Take my Elephant, Please

I like big trunks and I cannot lie. All you other brothers might deny. Etc.

I looked up the lyrics to Sir Mix-A-Lot’s song. It isn’t about trunks. I was going to rewrite the whole thing to be about elephants. But then I didn’t. I stopped after two lines. Got bored.

What’s the deal with elephants? No, that’s not the setup to a Seinfeld joke. It’s just me trying to capture your thoughts. You’re three short paragraphs in. You’ve been accosted by a picture of an elephant. And a title about elephants. And a rewrite of the first two lines of Sir Mix-A-Lot’s bawdy classic. So I have to imagine you, like Jerry Seinfeld whenever he sees anything, are thinking “what’s the deal?”

The deal is this:

We went to the Pittsburgh Zoo last week. And I saw an elephant. That’s the deal.

***

A trip to the Pittsburgh Zoo! This was the most dramatic journey the Tanner family has been on in fourteen months. You know. Because of a global pandemic.

We packed into the car at 7:00am on a Wednesday. Started heading west. I stopped to use the bathroom fourteen times between State College and the steel city.

“What is wrong with you?” my wife Katie asked after the second time.

I downed another gulp of coffee. “I’ve got a small bladder!”

Katie was ready to murder me after the thirteenth stop. Thankfully, murder is a crime. And a sin.

Incidentally, I was a pro at urinating when I was a high school teacher. The bell would ring. I’d dart into the hallway. Swerve through oncoming students. Hit the faculty bathroom and return before the next class started. Down another gulp of coffee. Do it again next period. The called me the flash. No they didn’t. But they could have.

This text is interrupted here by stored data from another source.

(* Assume $\mathbf{P.0}$ has an optimal solution, with optimal value $OPT$. Let $A^g$ be the output of the greedy algorithm on the family $\mathcal{I}$. Then $|A^g|\le b$, $\lfloor\alpha_t\rfloor\le |A^g\cap V_t|\le\lceil\beta_t\rceil$ for all $t\in[m]$, and $$f(A^g)\ge \frac{(1-1/e)^2}{2}\,OPT.$$
   Context: Let $V$ be a finite set of $n$ items and $f:2^V\to\mathbb{R}_{\ge 0}$ a non-negative monotone submodular function. Items are divided into pairwise disjoint groups $V_1,\dots,V_m$ with $V=V_1\cup\dots\cup V_m$; $\alpha,\beta\in\mathbb{R}_{\ge 0}^m$ and $b$ is a positive integer. Let $\mathcal{F}=\{S\subseteq V: |S|\le b\}$. Problem $\mathbf{P.0}$: maximize $\sum_{S\in\mathcal{F}} x_S f(S)$ over $x\in[0,1]^{\mathcal{F}}$ subject to $\alpha_t\le \sum_{S\in\mathcal{F}} x_S |S\cap V_t|\le \beta_t$ for all $t\in[m]$ and $\sum_{S\in\mathcal{F}}x_S\le 1$; $OPT$ denotes its optimal value. Let $\mathcal{I}$ be the family of sets $S\subseteq V$ such that $|S\cap V_t|\le\lceil\beta_t\rceil$ for all $t\in[m]$ and $\sum_{t\in[m]}\max\{\lfloor\alpha_t\rfloor,|S\cap V_t|\}\le b$ (this family is the set of feasible solutions of problem $\mathbf{P.3}$: maximize $f(S)$ over $S\in\mathcal{I}$). The greedy algorithm on $\mathcal{I}$: start with $S=\emptyset$; while there exists $e\in V\setminus S$ with $S\cup\{e\}\in\mathcal{I}$, add to $S$ such an $e$ maximizing $f(S\cup\{e\})-f(S)$ (ties broken arbitrarily); when no such $e$ exists, output $A^g=S$. *)

theory Defs
  imports Complex_Main
begin

definition monotone_set_fun :: "'a set \<Rightarrow> ('a set \<Rightarrow> real) \<Rightarrow> bool" where
  "monotone_set_fun V f \<longleftrightarrow> (\<forall>A B. A \<subseteq> B \<and> B \<subseteq> V \<longrightarrow> f A \<le> f B)"

definition submodular :: "'a set \<Rightarrow> ('a set \<Rightarrow> real) \<Rightarrow> bool" where
  "submodular V f \<longleftrightarrow> (\<forall>A B. A \<subseteq> V \<and> B \<subseteq> V \<longrightarrow> f (A \<union> B) + f (A \<inter> B) \<le> f A + f B)"

text \<open>Groups are indexed by t in {0..<m} (i.e. [m] shifted to start at 0).\<close>

definition famF :: "'a set \<Rightarrow> nat \<Rightarrow> 'a set set" where
  "famF V b = {S. S \<subseteq> V \<and> card S \<le> b}"

definition lp_feasible ::
  "'a set \<Rightarrow> nat \<Rightarrow> (nat \<Rightarrow> 'a set) \<Rightarrow> (nat \<Rightarrow> real) \<Rightarrow> (nat \<Rightarrow> real) \<Rightarrow> nat
   \<Rightarrow> ('a set \<Rightarrow> real) \<Rightarrow> bool" where
  "lp_feasible V m Vg \<alpha> \<beta> b x \<longleftrightarrow>
     (\<forall>S\<in>famF V b. 0 \<le> x S \<and> x S \<le> 1) \<and>
     (\<forall>t<m. \<alpha> t \<le> (\<Sum>S\<in>famF V b. x S * real (card (S \<inter> Vg t))) \<and>
            (\<Sum>S\<in>famF V b. x S * real (card (S \<inter> Vg t))) \<le> \<beta> t) \<and>
     (\<Sum>S\<in>famF V b. x S) \<le> 1"
text \<open>Substituting \<open>x \<mapsto> c x\<close> turns \<open>x^2 + b x + c\<close> into \<open>c\<close> times its reflection.\<close>

lemma trinomial_coeff_reflect:
  fixes b c :: "'a :: idom"
  assumes "m \<le> 2 * N"
  shows "c ^ m * Polynomial.coeff ([:c, b, 1:] ^ N) m
           = c ^ N * Polynomial.coeff ([:c, b, 1:] ^ N) (2 * N - m)"
proof -
  have "pcompose [:c, b, 1:] [:0, c:] = smult c (reflect_poly [:c, b, 1:])"
    unfolding trinomial_pcompose_scale by (simp add: reflect_poly_def power2_eq_square)
  then have "pcompose ([:c, b, 1:] ^ N) [:0, c:] = smult (c ^ N) (reflect_poly ([:c, b, 1:] ^ N))"
    unfolding pcompose_power reflect_poly_power by (simp add: smult_power)
  then show ?thesis
    using assms coeff_pcompose_linear[of "[:c, b, 1:] ^ N" c m]
    by (simp add: coeff_reflect_poly degree_trinomial_power)
qed

lemma trinomial_form_power:
  fixes x y b c :: "'a :: idom"
  assumes "x \<noteq> 0" and "c \<noteq> 0"
  shows "(x\<^sup>2 + b * x * y + c * y\<^sup>2) ^ N
           = (\<Sum>m\<le>2 * N. Polynomial.coeff ([:c, b, 1:] ^ N) m * x ^ m * y ^ (2 * N - m))"
proof -
  define S where "S = pcompose ([:c, b, 1:] ^ N) [:0, x:]"
  have S: "S = [:c, b * x, x\<^sup>2:] ^ N"
    unfolding S_def pcompose_power trinomial_pcompose_scale ..
  have degree_S: "degree S = 2 * N"
    unfolding S using assms by (simp add: degree_power_eq)
  have "Polynomial.coeff S 0 \<noteq> 0"
    unfolding S using assms(2) by (simp add: coeff_0_power)
  then have "poly (reflect_poly S) y = (\<Sum>n\<le>2 * N. Polynomial.coeff (reflect_poly S) n * y ^ n)"
    unfolding poly_altdef by (simp add: degree_S)
  also have "\<dots> = (\<Sum>n\<le>2 * N. x ^ (2 * N - n) * Polynomial.coeff ([:c, b, 1:] ^ N) (2 * N - n) * y ^ n)"
    using coeff_pcompose_linear[of "[:c, b, 1:] ^ N" x] unfolding S_def[symmetric]
    by (intro sum.cong) (auto simp: coeff_reflect_poly degree_S)
  also have "\<dots> = (\<Sum>m\<le>2 * N. Polynomial.coeff ([:c, b, 1:] ^ N) m * x ^ m * y ^ (2 * N - m))"
    by (rule sum.reindex_bij_witness[of _ "\<lambda>n. 2 * N - n" "\<lambda>n. 2 * N - n"]) (auto simp: mult_ac)
  finally show ?thesis
    unfolding S reflect_poly_power poly_power using assms(1)
    by (simp add: reflect_poly_def power2_eq_square algebra_simps)
qed

section \<open>A closed form for the coefficients modulo \<open>p\<close>\<close>

text \<open>For \<open>n \<le> p - 1\<close> and the coefficients \<open>a_n\<close> of \<open>(x^2 + b x + c)^(p-2)\<close> we get
  \<open>(b^2 - 4c) c^(n+1) a_n \<equiv> lucas_coeff_form b c n (mod p)\<close>: both sides satisfy the same
  three-term recurrence modulo \<open>p\<close>.\<close>

definition lucas_coeff_form :: "int \<Rightarrow> int \<Rightarrow> nat \<Rightarrow> int" where
  "lucas_coeff_form b c n = int (n + 1) * (2 * lucas_u (-b) c (n + 3) + b * lucas_u (-b) c (n + 2))
     - 2 * c * lucas_u (-b) c (n + 1)"

lemma lucas_coeff_form_rec:
  "int (n + 2) * lucas_coeff_form b c (n + 2) + int (n + 3) * b * lucas_coeff_form b c (n + 1)
     + int (n + 4) * c * lucas_coeff_form b c n = 0"
proof -
  define v where "v k = lucas_u (-b) c (n + k)" for k
  have v_rec: "v (k + 2) = - b * v (k + 1) - c * v k" for k
    unfolding v_def by (simp add: numeral_2_eq_2)
  have v5: "v 5 = - b * v 4 - c * v 3" and v4: "v 4 = - b * v 3 - c * v 2"
    and v3: "v 3 = - b * v 2 - c * v 1"
    using v_rec[of 3] v_rec[of 2] v_rec[of 1] by (simp_all add: eval_nat_numeral)
  have shift: "lucas_u (-b) c (n + j + k) = v (j + k)" for j k
    unfolding v_def by (simp only: add.assoc)
  have F2: "lucas_coeff_form b c (n + 2) = (int n + 3) * (2 * v 5 + b * v 4) - 2 * c * v 3"
    and F1: "lucas_coeff_form b c (n + 1) = (int n + 2) * (2 * v 4 + b * v 3) - 2 * c * v 2"
    and F0: "lucas_coeff_form b c n = (int n + 1) * (2 * v 3 + b * v 2) - 2 * c * v 1"
    unfolding lucas_coeff_form_def shift by (simp_all del: lucas_u.simps add: v_def eval_nat_numeral)
  show ?thesis
    unfolding F2 F1 F0 v5 v4 v3 by (simp add: algebra_simps)
qed

lemma lucas_coeff_form_0: "lucas_coeff_form b c 0 = b\<^sup>2 - 4 * c"
  by (simp add: lucas_coeff_form_def numeral_3_eq_3 numeral_2_eq_2 power2_eq_square algebra_simps)

lemma lucas_coeff_form_1: "lucas_coeff_form b c 1 = - 2 * b * (b\<^sup>2 - 4 * c)"
  by (simp add: lucas_coeff_form_def eval_nat_numeral power2_eq_square algebra_simps)

text \<open>The defect \<open>D X c^2 Q2 - F2\<close> of the closed form satisfies a recurrence whose
  inhomogeneous term carries the factor \<open>N + 2\<close>, which is \<open>p\<close> for \<open>N = p - 2\<close>.\<close>

lemma trinomial_lucas_defect_rec:
  fixes b c D N X m Q0 Q1 Q2 F0 F1 F2 :: int
  assumes "c * (m + 2) * Q2 + b * (m + 1) * Q1 + m * Q0 = N * (b * Q1 + 2 * Q0)"
    and "(m + 2) * F2 + (m + 3) * b * F1 + (m + 4) * c * F0 = 0"
  shows "(m + 2) * (D * (X * c * c) * Q2 - F2)
           = (N - m - 1) * b * (D * (X * c) * Q1 - F1) + (2 * N - m) * c * (D * X * Q0 - F0)
             + (N + 2) * (b * F1 + 2 * c * F0)"
proof -
  have Q2: "c * (m + 2) * Q2 = N * (b * Q1 + 2 * Q0) - b * (m + 1) * Q1 - m * Q0"
    and F2: "(m + 2) * F2 = - ((m + 3) * b * F1 + (m + 4) * c * F0)"
    using assms by linarith+
  have "(m + 2) * (D * (X * c * c) * Q2 - F2) = D * X * c * (c * (m + 2) * Q2) - (m + 2) * F2"
    by (simp add: algebra_simps)
  also have "\<dots> = D * X * c * (N * (b * Q1 + 2 * Q0) - b * (m + 1) * Q1 - m * Q0)
                 + ((m + 3) * b * F1 + (m + 4) * c * F0)"
    unfolding Q2 F2 by simp
  finally show ?thesis
    by (simp add: algebra_simps)
qed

Anyway, we made it to Pittsburgh by 9:30, bathroom stops and all. Pulled into the parking lot.

“What the hell is this?” I raged. There was a line of cars as far as the eye could see. Hordes of people. Maskless people, I might add.

“Calm down,” Katie told me. Then she looked around. And admitted that it was kind of busy.

“Kind of busy?”

It was all kinds of busy. Already. 9:30am on a Wednesday morning, and the Pittsburgh Zoo was packed. We waited in line. Got tickets. I used the bathroom for the fifteenth time, and we entered the zoo.

What a delight. Solomon and Samson have only been to one zoo in their lives. The Como Zoo in my hometown of St. Paul, MN. I love the Como Zoo, but the Pittsburgh Zoo was much bigger. More animals to leer at. And leer we did.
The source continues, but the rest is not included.